* **Requirement**
The following data has a line with "(\<Prod>k<K. w_k K" and a line with "by (intro mult_nonneg_nonneg". Write out exactly those lines and all the lines between them.

● ● ● ● ●

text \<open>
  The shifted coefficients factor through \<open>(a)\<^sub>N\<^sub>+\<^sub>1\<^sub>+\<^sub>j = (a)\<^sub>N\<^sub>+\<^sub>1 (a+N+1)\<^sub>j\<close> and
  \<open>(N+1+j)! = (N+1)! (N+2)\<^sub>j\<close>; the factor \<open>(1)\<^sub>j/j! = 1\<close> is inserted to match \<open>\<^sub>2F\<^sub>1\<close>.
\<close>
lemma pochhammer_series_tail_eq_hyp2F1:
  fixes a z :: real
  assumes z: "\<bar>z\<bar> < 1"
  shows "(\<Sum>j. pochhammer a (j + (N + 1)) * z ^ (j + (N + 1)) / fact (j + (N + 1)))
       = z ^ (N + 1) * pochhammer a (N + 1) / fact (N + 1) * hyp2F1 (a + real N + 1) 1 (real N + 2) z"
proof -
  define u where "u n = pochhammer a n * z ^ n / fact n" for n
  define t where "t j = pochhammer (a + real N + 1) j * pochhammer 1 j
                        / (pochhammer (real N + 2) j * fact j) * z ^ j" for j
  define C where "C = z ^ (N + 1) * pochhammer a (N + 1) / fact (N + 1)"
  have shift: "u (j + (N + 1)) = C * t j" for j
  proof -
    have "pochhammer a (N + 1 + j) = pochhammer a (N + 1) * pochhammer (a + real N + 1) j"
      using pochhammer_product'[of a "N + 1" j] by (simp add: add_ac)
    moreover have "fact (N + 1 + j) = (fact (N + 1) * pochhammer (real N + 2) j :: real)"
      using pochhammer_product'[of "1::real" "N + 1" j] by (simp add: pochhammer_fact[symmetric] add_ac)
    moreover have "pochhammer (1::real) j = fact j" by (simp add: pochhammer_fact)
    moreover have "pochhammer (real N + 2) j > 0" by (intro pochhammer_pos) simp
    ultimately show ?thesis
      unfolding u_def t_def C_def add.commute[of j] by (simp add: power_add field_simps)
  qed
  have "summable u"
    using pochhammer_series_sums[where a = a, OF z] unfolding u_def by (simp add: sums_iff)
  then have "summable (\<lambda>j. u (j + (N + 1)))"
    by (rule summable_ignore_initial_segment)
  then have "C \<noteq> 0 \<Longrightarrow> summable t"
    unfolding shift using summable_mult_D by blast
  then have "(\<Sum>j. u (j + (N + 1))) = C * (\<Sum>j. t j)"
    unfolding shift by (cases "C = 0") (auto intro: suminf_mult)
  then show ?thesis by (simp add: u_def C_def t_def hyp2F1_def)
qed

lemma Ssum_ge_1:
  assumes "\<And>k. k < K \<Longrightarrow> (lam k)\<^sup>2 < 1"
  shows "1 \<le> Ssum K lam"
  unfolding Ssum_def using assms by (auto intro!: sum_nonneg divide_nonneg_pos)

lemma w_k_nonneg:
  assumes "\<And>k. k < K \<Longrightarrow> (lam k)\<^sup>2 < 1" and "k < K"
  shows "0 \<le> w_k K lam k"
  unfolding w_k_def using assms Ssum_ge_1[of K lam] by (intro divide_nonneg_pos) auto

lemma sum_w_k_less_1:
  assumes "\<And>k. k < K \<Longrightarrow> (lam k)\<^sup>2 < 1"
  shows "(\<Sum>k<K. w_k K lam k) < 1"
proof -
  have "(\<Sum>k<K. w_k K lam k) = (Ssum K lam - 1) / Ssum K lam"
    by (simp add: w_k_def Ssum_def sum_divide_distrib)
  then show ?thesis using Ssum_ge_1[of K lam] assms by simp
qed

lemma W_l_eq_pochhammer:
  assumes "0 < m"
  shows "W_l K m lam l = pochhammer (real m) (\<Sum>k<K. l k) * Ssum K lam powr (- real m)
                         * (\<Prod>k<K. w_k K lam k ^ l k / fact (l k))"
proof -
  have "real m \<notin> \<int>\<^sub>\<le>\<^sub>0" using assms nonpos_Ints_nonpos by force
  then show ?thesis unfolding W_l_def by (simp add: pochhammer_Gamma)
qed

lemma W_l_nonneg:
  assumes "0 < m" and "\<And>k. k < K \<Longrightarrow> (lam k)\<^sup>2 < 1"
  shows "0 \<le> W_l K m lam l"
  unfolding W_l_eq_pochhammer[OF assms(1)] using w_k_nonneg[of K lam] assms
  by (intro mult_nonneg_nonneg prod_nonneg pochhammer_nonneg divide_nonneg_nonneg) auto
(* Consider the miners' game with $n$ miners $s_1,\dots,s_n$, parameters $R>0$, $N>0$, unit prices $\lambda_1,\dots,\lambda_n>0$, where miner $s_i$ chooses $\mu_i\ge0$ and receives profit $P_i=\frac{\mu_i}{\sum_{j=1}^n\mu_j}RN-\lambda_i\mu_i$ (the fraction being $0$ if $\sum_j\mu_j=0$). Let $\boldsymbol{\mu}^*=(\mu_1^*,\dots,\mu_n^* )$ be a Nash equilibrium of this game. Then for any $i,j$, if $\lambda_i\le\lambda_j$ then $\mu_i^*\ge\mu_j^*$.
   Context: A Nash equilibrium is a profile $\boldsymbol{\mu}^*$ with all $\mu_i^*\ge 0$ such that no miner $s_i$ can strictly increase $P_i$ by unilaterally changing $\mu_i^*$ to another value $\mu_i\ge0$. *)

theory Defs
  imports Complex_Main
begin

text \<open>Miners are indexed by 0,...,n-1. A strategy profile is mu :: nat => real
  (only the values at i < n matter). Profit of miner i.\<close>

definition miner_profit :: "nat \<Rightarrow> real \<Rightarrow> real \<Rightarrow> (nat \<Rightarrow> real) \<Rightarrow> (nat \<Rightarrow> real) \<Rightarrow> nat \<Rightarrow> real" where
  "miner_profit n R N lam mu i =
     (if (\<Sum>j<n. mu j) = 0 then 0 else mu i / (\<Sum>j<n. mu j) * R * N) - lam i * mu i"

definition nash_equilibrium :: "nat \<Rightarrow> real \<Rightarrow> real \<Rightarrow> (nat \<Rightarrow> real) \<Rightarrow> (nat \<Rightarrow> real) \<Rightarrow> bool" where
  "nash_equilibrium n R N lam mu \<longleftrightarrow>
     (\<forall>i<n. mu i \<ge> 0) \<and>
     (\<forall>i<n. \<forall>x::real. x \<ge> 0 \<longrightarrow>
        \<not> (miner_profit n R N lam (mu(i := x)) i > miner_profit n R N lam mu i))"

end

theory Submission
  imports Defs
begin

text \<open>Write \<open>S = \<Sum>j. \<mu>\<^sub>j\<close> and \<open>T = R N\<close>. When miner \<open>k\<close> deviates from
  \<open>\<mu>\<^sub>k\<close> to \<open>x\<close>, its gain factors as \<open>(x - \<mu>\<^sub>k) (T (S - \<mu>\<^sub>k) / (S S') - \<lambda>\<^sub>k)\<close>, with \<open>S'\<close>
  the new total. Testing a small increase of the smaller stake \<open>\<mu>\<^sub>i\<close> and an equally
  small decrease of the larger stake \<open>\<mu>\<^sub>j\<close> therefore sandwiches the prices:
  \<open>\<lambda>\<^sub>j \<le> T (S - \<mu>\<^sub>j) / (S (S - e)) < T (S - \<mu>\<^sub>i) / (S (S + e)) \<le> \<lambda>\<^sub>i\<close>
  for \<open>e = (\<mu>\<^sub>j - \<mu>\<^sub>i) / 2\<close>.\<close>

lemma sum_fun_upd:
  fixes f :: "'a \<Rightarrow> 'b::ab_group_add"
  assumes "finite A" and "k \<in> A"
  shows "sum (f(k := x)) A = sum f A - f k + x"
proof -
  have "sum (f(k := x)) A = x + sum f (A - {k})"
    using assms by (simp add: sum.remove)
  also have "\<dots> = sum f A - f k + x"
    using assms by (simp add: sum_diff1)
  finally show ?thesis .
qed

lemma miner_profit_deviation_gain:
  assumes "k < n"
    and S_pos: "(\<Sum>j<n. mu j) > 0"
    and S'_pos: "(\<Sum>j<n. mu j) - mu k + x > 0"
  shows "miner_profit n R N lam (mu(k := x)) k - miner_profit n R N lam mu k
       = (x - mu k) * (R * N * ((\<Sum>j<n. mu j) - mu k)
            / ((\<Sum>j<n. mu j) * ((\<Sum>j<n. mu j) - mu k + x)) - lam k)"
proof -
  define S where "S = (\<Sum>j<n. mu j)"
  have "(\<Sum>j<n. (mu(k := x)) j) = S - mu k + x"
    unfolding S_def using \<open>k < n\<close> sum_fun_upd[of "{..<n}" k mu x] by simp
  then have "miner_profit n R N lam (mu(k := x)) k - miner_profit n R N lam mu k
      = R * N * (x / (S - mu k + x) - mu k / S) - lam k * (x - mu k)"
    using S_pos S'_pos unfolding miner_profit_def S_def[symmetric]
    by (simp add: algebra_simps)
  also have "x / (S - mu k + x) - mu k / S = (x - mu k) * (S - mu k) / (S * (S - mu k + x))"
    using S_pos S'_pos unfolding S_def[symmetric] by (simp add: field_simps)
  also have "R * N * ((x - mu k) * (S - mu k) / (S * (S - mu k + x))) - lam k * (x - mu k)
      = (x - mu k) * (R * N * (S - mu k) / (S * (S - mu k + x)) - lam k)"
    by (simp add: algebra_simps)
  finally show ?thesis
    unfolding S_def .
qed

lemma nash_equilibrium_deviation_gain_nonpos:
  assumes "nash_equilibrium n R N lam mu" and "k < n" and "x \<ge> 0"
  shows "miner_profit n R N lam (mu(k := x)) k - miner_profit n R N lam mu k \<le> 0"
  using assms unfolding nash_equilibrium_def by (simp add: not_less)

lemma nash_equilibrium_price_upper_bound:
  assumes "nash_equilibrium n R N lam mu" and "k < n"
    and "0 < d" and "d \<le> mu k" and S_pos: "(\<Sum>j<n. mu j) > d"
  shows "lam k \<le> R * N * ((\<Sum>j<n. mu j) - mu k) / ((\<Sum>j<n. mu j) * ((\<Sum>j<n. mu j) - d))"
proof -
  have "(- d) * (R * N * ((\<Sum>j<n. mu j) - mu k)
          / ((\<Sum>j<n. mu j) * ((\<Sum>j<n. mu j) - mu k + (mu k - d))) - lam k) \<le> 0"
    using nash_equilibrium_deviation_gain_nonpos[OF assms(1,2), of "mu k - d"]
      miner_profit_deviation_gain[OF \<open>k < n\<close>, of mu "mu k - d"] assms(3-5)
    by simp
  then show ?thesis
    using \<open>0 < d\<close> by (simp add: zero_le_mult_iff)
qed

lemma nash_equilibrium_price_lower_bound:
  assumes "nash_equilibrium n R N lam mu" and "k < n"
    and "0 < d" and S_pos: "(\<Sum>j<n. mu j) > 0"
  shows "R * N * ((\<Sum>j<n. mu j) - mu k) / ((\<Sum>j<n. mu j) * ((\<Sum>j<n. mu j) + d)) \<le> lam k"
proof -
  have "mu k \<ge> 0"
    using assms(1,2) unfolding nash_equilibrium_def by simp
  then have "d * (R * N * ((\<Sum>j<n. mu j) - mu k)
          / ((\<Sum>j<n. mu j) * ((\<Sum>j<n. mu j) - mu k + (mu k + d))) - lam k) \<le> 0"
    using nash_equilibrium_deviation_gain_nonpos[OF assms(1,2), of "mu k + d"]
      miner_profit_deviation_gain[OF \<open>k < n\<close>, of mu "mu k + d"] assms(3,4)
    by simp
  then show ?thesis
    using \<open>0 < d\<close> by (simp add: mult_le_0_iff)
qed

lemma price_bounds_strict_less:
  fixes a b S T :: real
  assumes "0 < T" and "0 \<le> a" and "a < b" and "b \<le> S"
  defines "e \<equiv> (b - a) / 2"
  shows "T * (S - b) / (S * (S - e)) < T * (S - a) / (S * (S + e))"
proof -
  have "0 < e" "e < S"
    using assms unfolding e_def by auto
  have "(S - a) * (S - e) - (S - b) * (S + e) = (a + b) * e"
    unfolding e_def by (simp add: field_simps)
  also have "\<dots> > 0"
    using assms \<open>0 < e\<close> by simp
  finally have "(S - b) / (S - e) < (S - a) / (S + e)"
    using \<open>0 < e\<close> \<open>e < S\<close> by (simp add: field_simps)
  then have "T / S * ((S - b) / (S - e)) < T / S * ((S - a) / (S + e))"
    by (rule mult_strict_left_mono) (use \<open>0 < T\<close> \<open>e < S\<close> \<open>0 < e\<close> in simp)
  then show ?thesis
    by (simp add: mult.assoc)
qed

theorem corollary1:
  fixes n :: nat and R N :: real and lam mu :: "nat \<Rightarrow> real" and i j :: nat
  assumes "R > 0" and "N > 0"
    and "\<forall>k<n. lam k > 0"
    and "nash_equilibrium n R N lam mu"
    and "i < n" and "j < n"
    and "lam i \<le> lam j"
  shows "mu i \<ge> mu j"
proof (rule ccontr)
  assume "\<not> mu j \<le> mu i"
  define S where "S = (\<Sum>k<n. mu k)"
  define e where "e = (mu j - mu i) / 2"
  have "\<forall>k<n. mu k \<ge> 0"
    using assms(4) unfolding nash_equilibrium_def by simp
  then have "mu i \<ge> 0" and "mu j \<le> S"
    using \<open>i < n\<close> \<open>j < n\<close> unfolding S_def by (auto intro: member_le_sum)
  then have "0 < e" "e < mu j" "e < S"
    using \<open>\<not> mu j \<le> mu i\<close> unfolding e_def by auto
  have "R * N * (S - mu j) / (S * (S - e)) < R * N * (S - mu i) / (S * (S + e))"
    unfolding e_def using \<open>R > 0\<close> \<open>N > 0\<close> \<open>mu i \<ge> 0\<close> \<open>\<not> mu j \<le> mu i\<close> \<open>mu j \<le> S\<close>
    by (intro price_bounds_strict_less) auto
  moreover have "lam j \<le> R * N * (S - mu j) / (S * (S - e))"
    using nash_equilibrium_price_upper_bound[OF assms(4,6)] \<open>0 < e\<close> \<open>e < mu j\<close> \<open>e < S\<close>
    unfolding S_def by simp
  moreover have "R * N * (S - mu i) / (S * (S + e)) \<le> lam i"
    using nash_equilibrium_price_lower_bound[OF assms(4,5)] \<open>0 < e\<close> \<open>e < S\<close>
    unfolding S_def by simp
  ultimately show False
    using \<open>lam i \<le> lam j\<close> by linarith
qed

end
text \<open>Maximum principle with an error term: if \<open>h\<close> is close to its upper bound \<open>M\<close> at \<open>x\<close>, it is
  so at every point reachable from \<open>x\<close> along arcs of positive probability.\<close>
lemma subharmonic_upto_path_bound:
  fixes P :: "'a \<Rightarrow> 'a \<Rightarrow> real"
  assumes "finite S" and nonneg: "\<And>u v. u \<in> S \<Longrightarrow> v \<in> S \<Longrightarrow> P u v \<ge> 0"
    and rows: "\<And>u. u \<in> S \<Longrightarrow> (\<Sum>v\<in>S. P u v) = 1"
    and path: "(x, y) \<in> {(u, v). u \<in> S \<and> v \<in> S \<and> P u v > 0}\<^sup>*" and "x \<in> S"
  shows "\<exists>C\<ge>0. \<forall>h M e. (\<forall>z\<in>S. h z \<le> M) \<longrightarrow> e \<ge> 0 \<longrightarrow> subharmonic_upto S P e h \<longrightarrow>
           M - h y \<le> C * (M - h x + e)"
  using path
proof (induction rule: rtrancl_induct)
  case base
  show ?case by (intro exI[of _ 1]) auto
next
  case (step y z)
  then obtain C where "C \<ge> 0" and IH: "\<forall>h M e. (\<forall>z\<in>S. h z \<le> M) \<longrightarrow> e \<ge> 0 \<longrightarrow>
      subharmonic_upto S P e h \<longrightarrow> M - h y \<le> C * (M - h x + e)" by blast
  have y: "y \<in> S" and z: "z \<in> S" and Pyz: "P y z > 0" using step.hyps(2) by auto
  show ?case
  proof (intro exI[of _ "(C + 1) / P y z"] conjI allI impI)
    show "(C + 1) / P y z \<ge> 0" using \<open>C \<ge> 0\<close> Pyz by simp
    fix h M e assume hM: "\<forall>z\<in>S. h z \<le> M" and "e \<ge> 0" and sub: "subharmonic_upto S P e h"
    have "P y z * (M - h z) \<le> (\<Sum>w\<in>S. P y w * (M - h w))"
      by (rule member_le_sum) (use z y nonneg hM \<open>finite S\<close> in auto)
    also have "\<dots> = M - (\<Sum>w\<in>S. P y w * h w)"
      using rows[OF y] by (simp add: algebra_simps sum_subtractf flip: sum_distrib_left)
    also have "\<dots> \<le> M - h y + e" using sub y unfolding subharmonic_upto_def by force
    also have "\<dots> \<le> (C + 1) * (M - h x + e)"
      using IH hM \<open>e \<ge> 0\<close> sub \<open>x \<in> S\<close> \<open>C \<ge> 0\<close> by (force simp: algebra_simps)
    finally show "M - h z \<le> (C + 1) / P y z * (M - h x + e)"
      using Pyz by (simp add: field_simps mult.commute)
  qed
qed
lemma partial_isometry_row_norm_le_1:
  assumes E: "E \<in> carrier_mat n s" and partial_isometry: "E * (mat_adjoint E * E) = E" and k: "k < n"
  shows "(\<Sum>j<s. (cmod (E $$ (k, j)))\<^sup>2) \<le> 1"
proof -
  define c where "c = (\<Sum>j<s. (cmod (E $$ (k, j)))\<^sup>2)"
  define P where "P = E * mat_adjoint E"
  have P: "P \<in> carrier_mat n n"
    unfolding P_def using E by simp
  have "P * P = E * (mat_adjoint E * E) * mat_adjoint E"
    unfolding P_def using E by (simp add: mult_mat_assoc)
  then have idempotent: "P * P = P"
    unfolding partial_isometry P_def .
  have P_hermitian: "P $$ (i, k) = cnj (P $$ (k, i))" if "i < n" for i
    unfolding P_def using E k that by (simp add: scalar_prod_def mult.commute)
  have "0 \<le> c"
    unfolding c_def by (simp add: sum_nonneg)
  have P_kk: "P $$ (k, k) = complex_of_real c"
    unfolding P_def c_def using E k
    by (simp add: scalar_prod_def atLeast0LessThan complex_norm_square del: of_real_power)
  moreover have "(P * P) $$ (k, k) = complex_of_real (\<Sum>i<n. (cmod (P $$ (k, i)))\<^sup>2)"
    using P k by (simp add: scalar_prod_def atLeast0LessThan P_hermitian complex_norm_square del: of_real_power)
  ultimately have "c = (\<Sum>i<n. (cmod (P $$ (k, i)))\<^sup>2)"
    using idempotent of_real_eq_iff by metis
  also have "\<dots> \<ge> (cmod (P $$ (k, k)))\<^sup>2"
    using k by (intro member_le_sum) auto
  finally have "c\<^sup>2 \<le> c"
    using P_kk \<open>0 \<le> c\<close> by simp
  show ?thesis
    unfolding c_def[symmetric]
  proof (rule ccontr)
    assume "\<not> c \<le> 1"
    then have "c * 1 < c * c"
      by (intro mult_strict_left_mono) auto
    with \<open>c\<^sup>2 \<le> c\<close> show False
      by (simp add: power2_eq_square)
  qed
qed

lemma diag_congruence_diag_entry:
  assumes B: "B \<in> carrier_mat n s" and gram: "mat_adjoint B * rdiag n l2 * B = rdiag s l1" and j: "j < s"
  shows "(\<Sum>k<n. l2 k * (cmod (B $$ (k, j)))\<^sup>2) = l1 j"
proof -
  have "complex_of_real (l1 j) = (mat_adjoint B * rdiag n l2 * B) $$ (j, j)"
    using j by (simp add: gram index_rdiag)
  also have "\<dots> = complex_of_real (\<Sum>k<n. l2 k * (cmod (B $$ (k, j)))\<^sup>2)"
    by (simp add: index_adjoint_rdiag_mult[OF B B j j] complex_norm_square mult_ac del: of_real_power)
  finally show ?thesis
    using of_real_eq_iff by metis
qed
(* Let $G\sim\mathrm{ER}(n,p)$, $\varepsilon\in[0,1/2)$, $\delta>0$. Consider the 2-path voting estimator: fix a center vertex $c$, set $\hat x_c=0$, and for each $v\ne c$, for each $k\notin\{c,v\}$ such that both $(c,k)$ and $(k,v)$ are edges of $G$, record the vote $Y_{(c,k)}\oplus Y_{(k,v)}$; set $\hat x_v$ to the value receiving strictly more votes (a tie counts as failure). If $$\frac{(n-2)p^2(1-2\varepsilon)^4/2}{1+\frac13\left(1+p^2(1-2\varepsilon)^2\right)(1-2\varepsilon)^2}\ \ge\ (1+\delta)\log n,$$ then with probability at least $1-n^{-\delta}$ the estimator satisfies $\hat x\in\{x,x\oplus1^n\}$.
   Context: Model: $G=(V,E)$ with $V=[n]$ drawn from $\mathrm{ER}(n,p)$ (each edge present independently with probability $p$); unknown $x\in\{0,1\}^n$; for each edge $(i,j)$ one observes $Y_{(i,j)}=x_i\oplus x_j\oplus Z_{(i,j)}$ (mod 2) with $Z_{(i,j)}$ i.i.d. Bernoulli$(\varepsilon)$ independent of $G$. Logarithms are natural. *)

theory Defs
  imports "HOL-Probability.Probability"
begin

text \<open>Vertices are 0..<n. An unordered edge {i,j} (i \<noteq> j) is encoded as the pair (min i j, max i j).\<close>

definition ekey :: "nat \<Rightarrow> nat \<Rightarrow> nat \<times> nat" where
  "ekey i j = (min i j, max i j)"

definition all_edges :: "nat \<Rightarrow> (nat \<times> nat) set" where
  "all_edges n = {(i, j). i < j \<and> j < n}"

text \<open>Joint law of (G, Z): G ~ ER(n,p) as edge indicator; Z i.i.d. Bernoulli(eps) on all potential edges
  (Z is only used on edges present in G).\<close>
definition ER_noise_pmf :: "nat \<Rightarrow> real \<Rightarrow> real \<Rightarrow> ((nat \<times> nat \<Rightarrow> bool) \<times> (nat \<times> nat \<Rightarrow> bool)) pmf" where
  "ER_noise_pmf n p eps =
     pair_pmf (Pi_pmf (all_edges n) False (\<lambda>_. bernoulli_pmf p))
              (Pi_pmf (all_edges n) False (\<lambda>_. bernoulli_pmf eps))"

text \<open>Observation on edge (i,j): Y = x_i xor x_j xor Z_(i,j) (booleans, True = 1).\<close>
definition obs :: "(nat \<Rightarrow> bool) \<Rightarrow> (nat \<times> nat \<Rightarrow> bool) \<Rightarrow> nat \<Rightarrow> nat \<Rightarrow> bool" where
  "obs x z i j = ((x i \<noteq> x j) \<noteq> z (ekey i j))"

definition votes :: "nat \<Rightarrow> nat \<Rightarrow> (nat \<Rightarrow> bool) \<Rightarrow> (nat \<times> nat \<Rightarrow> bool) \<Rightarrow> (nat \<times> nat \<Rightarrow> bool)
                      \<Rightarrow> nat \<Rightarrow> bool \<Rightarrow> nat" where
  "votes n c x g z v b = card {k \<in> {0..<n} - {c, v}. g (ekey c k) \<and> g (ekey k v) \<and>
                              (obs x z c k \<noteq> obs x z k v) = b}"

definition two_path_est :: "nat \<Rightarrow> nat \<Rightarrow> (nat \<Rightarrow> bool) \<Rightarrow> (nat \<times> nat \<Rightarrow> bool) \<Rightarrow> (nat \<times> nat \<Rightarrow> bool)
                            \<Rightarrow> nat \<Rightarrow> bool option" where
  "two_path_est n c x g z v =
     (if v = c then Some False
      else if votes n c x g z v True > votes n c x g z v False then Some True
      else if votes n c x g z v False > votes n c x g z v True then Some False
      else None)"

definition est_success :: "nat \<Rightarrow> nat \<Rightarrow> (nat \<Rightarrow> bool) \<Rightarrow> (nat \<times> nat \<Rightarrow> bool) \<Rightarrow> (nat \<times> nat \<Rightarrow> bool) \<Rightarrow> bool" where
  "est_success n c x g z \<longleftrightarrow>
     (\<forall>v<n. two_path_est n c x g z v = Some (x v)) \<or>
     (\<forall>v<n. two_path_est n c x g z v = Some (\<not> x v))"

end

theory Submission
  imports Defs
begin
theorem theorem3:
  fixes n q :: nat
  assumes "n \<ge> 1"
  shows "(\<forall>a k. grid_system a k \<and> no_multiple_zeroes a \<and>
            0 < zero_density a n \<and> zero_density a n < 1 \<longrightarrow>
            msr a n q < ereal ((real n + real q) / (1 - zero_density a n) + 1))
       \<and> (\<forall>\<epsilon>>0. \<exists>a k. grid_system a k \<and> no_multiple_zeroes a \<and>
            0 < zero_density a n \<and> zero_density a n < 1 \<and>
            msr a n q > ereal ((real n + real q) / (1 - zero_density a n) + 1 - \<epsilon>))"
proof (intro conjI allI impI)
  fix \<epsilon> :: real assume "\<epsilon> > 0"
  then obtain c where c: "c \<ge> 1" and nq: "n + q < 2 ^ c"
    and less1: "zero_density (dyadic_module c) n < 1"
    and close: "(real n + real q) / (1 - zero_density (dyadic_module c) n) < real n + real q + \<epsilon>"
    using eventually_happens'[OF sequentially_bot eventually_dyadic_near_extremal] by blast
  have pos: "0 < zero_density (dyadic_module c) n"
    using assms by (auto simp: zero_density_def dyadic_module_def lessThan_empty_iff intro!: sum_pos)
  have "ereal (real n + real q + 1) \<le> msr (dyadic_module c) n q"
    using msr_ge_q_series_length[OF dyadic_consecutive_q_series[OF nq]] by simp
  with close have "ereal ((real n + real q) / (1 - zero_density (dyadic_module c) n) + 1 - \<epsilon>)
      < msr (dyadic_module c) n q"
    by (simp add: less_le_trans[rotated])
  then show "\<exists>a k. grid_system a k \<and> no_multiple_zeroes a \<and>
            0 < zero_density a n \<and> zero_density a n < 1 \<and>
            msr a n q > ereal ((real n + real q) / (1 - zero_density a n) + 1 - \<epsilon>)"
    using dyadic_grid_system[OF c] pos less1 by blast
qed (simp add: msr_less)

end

● ● ● ● ●

* **Response below**
                         * (\<Prod>k<K. w_k K lam k ^ l k / fact (l k))"
proof -
  have "real m \<notin> \<int>\<^sub>\<le>\<^sub>0" using assms nonpos_Ints_nonpos by force
  then show ?thesis unfolding W_l_def by (simp add: pochhammer_Gamma)
qed

lemma W_l_nonneg:
  assumes "0 < m" and "\<And>k. k < K \<Longrightarrow> (lam k)\<^sup>2 < 1"
  shows "0 \<le> W_l K m lam l"
  unfolding W_l_eq_pochhammer[OF assms(1)] using w_k_nonneg[of K lam] assms
  by (intro mult_nonneg_nonneg prod_nonneg pochhammer_nonneg divide_nonneg_nonneg) auto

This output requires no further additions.